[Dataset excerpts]

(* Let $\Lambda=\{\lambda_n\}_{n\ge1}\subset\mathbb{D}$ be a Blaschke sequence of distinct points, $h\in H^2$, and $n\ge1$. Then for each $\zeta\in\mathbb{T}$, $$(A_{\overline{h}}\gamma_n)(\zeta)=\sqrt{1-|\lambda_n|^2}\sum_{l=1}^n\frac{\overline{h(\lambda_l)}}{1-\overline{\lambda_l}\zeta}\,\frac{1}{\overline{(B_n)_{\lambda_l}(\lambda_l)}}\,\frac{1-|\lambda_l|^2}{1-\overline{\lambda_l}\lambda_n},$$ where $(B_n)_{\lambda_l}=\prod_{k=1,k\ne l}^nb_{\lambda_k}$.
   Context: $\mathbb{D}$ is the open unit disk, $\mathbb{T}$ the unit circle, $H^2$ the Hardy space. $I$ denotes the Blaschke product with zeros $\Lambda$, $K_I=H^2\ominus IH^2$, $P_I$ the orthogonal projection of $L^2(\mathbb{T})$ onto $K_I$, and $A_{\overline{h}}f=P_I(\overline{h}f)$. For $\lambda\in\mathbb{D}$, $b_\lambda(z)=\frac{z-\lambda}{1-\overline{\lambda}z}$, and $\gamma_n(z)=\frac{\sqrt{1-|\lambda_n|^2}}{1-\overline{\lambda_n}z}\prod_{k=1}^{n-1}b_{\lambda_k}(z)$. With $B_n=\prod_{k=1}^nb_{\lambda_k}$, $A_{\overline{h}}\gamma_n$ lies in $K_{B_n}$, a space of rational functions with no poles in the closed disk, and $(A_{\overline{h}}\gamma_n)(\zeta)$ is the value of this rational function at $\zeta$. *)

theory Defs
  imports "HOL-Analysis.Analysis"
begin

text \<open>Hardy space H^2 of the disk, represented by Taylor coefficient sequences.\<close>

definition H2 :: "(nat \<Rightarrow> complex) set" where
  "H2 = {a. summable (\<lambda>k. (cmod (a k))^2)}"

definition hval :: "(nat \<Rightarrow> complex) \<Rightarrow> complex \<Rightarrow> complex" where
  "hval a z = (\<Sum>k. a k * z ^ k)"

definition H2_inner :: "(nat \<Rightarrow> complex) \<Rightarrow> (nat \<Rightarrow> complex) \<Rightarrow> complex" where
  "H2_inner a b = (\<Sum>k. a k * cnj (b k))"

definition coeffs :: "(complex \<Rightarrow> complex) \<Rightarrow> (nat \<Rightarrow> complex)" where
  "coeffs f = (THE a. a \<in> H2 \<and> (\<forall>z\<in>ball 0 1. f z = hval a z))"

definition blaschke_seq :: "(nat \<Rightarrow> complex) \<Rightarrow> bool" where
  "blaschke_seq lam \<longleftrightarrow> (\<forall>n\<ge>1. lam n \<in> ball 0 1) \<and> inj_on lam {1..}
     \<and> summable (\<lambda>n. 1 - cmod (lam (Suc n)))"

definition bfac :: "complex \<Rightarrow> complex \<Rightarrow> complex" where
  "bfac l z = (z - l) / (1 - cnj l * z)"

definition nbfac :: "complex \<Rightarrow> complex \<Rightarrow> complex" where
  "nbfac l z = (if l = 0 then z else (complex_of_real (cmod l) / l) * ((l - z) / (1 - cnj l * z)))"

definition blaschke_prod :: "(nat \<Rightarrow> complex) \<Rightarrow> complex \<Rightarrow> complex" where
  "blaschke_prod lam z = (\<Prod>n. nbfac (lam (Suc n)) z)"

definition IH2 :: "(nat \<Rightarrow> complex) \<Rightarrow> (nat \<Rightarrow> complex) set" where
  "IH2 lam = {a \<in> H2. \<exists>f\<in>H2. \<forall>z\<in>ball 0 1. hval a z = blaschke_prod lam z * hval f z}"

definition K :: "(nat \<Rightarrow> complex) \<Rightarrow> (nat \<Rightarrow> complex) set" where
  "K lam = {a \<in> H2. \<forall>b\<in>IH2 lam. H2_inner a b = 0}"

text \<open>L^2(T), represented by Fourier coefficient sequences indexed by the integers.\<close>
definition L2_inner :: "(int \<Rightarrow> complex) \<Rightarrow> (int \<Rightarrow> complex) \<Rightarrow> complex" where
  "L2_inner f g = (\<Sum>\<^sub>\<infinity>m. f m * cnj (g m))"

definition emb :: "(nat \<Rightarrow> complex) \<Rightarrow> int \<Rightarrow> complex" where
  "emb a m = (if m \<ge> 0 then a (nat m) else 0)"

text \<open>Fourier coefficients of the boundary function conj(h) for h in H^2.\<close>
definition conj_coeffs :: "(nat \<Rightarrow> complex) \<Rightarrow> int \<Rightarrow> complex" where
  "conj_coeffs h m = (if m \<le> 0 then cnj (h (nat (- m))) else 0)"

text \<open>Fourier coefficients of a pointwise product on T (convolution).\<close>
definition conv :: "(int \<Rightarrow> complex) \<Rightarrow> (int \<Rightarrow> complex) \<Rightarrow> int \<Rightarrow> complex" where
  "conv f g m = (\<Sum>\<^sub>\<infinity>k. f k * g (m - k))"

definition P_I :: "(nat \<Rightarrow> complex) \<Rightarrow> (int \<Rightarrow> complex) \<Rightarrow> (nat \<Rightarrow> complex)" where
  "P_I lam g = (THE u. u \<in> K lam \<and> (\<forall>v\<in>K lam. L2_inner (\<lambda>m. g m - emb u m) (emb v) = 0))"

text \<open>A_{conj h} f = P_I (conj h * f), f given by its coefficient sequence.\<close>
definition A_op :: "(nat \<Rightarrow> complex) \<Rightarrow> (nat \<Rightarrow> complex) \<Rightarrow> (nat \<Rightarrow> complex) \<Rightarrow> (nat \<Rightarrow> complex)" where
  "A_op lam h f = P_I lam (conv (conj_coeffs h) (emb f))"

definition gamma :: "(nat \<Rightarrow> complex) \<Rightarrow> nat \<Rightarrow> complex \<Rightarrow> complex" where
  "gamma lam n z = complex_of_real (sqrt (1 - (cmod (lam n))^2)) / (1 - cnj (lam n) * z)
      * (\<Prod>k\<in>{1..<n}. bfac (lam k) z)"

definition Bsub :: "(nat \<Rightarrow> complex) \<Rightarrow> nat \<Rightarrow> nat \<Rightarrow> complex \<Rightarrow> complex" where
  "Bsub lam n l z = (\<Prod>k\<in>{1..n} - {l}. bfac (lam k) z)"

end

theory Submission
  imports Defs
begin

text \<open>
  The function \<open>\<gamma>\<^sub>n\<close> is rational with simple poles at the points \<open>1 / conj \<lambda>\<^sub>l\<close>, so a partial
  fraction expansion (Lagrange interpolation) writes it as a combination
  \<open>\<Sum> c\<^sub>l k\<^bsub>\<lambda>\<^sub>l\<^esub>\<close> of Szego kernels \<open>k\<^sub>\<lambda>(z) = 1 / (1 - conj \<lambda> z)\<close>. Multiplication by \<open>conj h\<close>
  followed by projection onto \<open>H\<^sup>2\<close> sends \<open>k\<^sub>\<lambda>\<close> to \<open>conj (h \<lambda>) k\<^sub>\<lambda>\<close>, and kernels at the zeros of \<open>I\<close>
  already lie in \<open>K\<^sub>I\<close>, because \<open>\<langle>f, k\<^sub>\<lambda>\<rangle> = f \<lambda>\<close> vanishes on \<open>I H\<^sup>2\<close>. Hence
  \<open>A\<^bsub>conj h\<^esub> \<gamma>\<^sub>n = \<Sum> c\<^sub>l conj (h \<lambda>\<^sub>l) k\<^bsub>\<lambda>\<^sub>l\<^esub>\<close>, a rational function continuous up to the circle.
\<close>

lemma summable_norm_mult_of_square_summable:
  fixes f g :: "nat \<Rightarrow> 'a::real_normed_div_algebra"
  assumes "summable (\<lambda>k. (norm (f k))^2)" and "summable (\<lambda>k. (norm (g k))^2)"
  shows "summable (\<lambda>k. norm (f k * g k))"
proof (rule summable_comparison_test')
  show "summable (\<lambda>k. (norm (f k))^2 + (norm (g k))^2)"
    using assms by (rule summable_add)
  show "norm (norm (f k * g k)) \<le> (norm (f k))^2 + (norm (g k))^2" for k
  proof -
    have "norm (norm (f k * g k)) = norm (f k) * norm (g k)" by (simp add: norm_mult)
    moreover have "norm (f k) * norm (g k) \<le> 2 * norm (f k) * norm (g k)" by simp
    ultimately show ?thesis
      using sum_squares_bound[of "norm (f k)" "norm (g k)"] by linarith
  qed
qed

#### Task to carry out
Print exactly the lines above, between the one holding "(\<lambda>k. norm (f" and the one holding "(simp add: norm_mult)", inclusive, and nothing besides.

#### Response below
  shows "summable (\<lambda>k. norm (f k * g k))"
proof (rule summable_comparison_test')
  show "summable (\<lambda>k. (norm (f k))^2 + (norm (g k))^2)"
    using assms by (rule summable_add)
  show "norm (norm (f k * g k)) \<le> (norm (f k))^2 + (norm (g k))^2" for k
  proof -
    have "norm (norm (f k * g k)) = norm (f k) * norm (g k)" by (simp add: norm_mult)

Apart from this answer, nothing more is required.